Large language models (and generative AI as a whole) are 'not deterministic.
- Generative models use sampling techniques to produce varied outputs.
- While it's likely an LLM will generate similar responses to the same input, there is no guarantee the response will be identical every time it runs on a document.
Knowing this, you can contrast the "Search Classifier" method with the "LLM Classifier" method.
- The Search Classifier method uses embeddings models, vector comparison, and a search index to determine a document's similarity to documents already present in a search index. An unclassified document is given the same Document Type as its closest match in the search index.
- Search Classifier is deterministic.
- It requires an embeddings model and an AI Search index to operate.
- The LLM Classifier method uses a large language model to choose from a list of possible Document Types. The LLM is handed the document, the list of Document Types and is (more or less) asked the question "What Document Type is this?". The LLM then generates a response, from which Grooper assigns the document a Document Type.
- LLM Classifier is not deterministic (it is generative.)

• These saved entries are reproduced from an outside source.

(* For every set $A \subseteq \mathbb{N}$, $$\underline{\underline{d}}(A) = d_*(A) \qquad\text{and}\qquad \overline{\overline{d}}(A) = d^*(A).$$
   Context: $\mathbb{N}=\{1,2,3,\dots\}$. For $A\subseteq\mathbb{N}$ let $A(n)=|A\cap[1,n]|$. Let $\mathcal{D}$ be the collection of all $A\subseteq\mathbb{N}$ for which the asymptotic density $d(A)=\lim_{n\to\infty}\frac{A(n)}{n}$ exists. Define $\underline{\underline{d}}(A)=\sup\{d(B);\ B\subseteq A,\ B\in\mathcal{D}\}$ and $\overline{\overline{d}}(A)=\inf\{d(C);\ C\supseteq A,\ C\in\mathcal{D}\}$. Define $d_*(A)=\sup \frac{\sum_{i=1}^{p}d(A_i)-\sum_{j=1}^{q}d(B_j)}{k}$, where the supremum is over all finite collections $A_1,\dots,A_p,B_1,\dots,B_q$ of sets in $\mathcal{D}$ and positive integers $k$ such that $k\chi_A+\sum_{j=1}^q\chi_{B_j}\ge\sum_{i=1}^p\chi_{A_i}$ pointwise on $\mathbb{N}$ ($\chi$ denotes the characteristic function). Define $d^*(A)=\inf \frac{\sum_{i=1}^{p}d(A_i)-\sum_{j=1}^{q}d(B_j)}{k}$, the infimum over all finite collections $A_1,\dots,A_p,B_1,\dots,B_q\in\mathcal{D}$ and positive integers $k$ such that $k\chi_A+\sum_{j=1}^q\chi_{B_j}\le\sum_{i=1}^p\chi_{A_i}$ pointwise. *)

theory Defs
  imports Complex_Main
begin

text \<open>Subsets of the positive integers are modelled as sets of naturals contained in {1..}.\<close>

definition counting :: "nat set \<Rightarrow> nat \<Rightarrow> nat" where
  "counting A n = card (A \<inter> {1..n})"

definition has_density :: "nat set \<Rightarrow> real \<Rightarrow> bool" where
  "has_density A L \<longleftrightarrow> (\<lambda>n. real (counting A n) / real n) \<longlonglongrightarrow> L"

definition dens :: "nat set \<Rightarrow> real" where
  "dens A = lim (\<lambda>n. real (counting A n) / real n)"

definition Dcoll :: "nat set set" where
  "Dcoll = {A. A \<subseteq> {1..} \<and> (\<exists>L. has_density A L)}"

definition lower_dd :: "nat set \<Rightarrow> real" where
  "lower_dd A = Sup {dens B | B. B \<subseteq> A \<and> B \<in> Dcoll}"

definition upper_dd :: "nat set \<Rightarrow> real" where
  "upper_dd A = Inf {dens C | C. A \<subseteq> C \<and> C \<in> Dcoll}"

definition chi :: "nat set \<Rightarrow> nat \<Rightarrow> real" where
  "chi A n = (if n \<in> A then 1 else 0)"

definition d_lower_star :: "nat set \<Rightarrow> real" where
  "d_lower_star A = Sup {(sum_list (map dens As) - sum_list (map dens Bs)) / real k | As Bs k.
      set As \<subseteq> Dcoll \<and> set Bs \<subseteq> Dcoll \<and> k > 0 \<and>
      (\<forall>n\<ge>1. real k * chi A n + sum_list (map (\<lambda>B. chi B n) Bs) \<ge> sum_list (map (\<lambda>C. chi C n) As))}"

definition d_upper_star :: "nat set \<Rightarrow> real" where
  "d_upper_star A = Inf {(sum_list (map dens As) - sum_list (map dens Bs)) / real k | As Bs k.
      set As \<subseteq> Dcoll \<and> set Bs \<subseteq> Dcoll \<and> k > 0 \<and>
      (\<forall>n\<ge>1. real k * chi A n + sum_list (map (\<lambda>B. chi B n) Bs) \<le> sum_list (map (\<lambda>C. chi C n) As))}"

end

theory Submission
  imports Defs
begin

text \<open>
  Let \<open>f \<le> k \<chi>\<^sub>S\<close> have Cesaro means tending to \<open>m \<ge> 0\<close>. Then a subset \<open>B\<close> of \<open>S\<close> of
  density \<open>m / k\<close> is obtained greedily: put \<open>n \<in> S\<close> into \<open>B\<close> as soon as
  \<open>k (|B \<inter> [1, n)| + 1) \<le> f 1 + \<dots> + f n\<close>. Then \<open>k |B \<inter> [1, n]|\<close> lies between
  \<open>f 1 + \<dots> + f n - k\<close> and the running maximum of these partial sums, and both bounds
  grow like \<open>m n\<close>. Applied to \<open>f = \<Sum> \<chi>\<^sub>A\<^sub>i - \<Sum> \<chi>\<^sub>B\<^sub>j\<close>, every combination admissible for \<open>d\<^sub>*(A)\<close>
  with nonnegative value becomes a subset of \<open>A\<close> of the same density; applied to the complement,
  every combination admissible for \<open>d\<^sup>*(A)\<close> with value at most 1 becomes a superset of \<open>A\<close>.
  Conversely a single set \<open>B \<subseteq> A\<close> (or \<open>C \<supseteq> A\<close>) is itself an admissible combination.
\<close>

lemma cSup_eq_cSup_of_cofinal:
  fixes X Y :: "'a::conditionally_complete_lattice set"
  assumes "X \<noteq> {}" "bdd_above X" "X \<subseteq> Y" "\<And>y. y \<in> Y \<Longrightarrow> \<exists>x\<in>X. y \<le> x"
  shows "Sup Y = Sup X"
proof (rule antisym)
  show "Sup Y \<le> Sup X"
    using assms by (intro cSup_mono) auto
  obtain M where M: "\<And>x. x \<in> X \<Longrightarrow> x \<le> M"
    using assms(2) by (auto simp: bdd_above_def)
  have "bdd_above Y"
  proof (rule bdd_aboveI)
    fix y assume "y \<in> Y"
    then show "y \<le> M"
      using assms(4) M order_trans by blast
  qed
  then show "Sup X \<le> Sup Y"
    using assms(1,3) by (intro cSup_subset_mono)
qed
(* Let $G$ be a simple directed graph and $\sigma$ a set of its nodes. If $\sigma$ contains a clique of size $|\sigma|-1$ and $\sigma$ is not a clique, then $\sigma$ is not a stable motif (for any CTLN $W(G,\varepsilon,\delta)$ with legal parameters).
   Context: A clique is a set of nodes pairwise bidirectionally connected. Legal parameters: $\delta>0$, $0<\varepsilon<\frac{\delta}{\delta+1}$. $W=W(G,\varepsilon,\delta)$ has $W_{ii}=0$, $W_{ij}=-1+\varepsilon$ if $j\to i$, $W_{ij}=-1-\delta$ if $i\ne j$, $j\not\to i$; dynamics $\dot x_i=-x_i+[\sum_jW_{ij}x_j+\theta]_+$, $\theta>0$; CTLNs assumed nondegenerate ($\det(I-W_\sigma)\neq0$, Cramer determinants nonzero). $W_\sigma$ is the principal submatrix on $\sigma$. $\sigma$ is a permitted motif if $\theta(I-W_\sigma)^{-1}1_\sigma$ has all entries positive; a stable motif if permitted and all eigenvalues of $I-W_\sigma$ have positive real part. *)

theory Defs
  imports "Jordan_Normal_Form.Matrix" "Jordan_Normal_Form.DL_Submatrix"
          "Jordan_Normal_Form.Char_Poly" "Jordan_Normal_Form.Determinant"
begin

(* Nodes of a graph on n nodes are 0..n-1.  E j i means the edge j -> i.
   A simple directed graph: no self-loops (at most one edge per ordered pair
   is automatic for a relation). *)
definition simple_digraph :: "nat \<Rightarrow> (nat \<Rightarrow> nat \<Rightarrow> bool) \<Rightarrow> bool" where
  "simple_digraph n E \<longleftrightarrow> (\<forall>i. \<not> E i i)"

definition is_clique :: "(nat \<Rightarrow> nat \<Rightarrow> bool) \<Rightarrow> nat set \<Rightarrow> bool" where
  "is_clique E K \<longleftrightarrow> (\<forall>i\<in>K. \<forall>j\<in>K. i \<noteq> j \<longrightarrow> E i j \<and> E j i)"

- It requires only a large language model to operate.
Related concepts
- Content Model: The root object in Grooper that organizes Document Types and classification logic.
- Document Type: The object in Grooper that represents a distinct kind of document. Critical for document classification and extraction.
- Content Type: The object assigned by classification. Most typically this is a Document Type.
- Batch Folder: The item being classified.
- Classify: The activity that applies classification to Batch Folders.
- Indexing Behavior: The configuration that enables vector search and connects to your search index.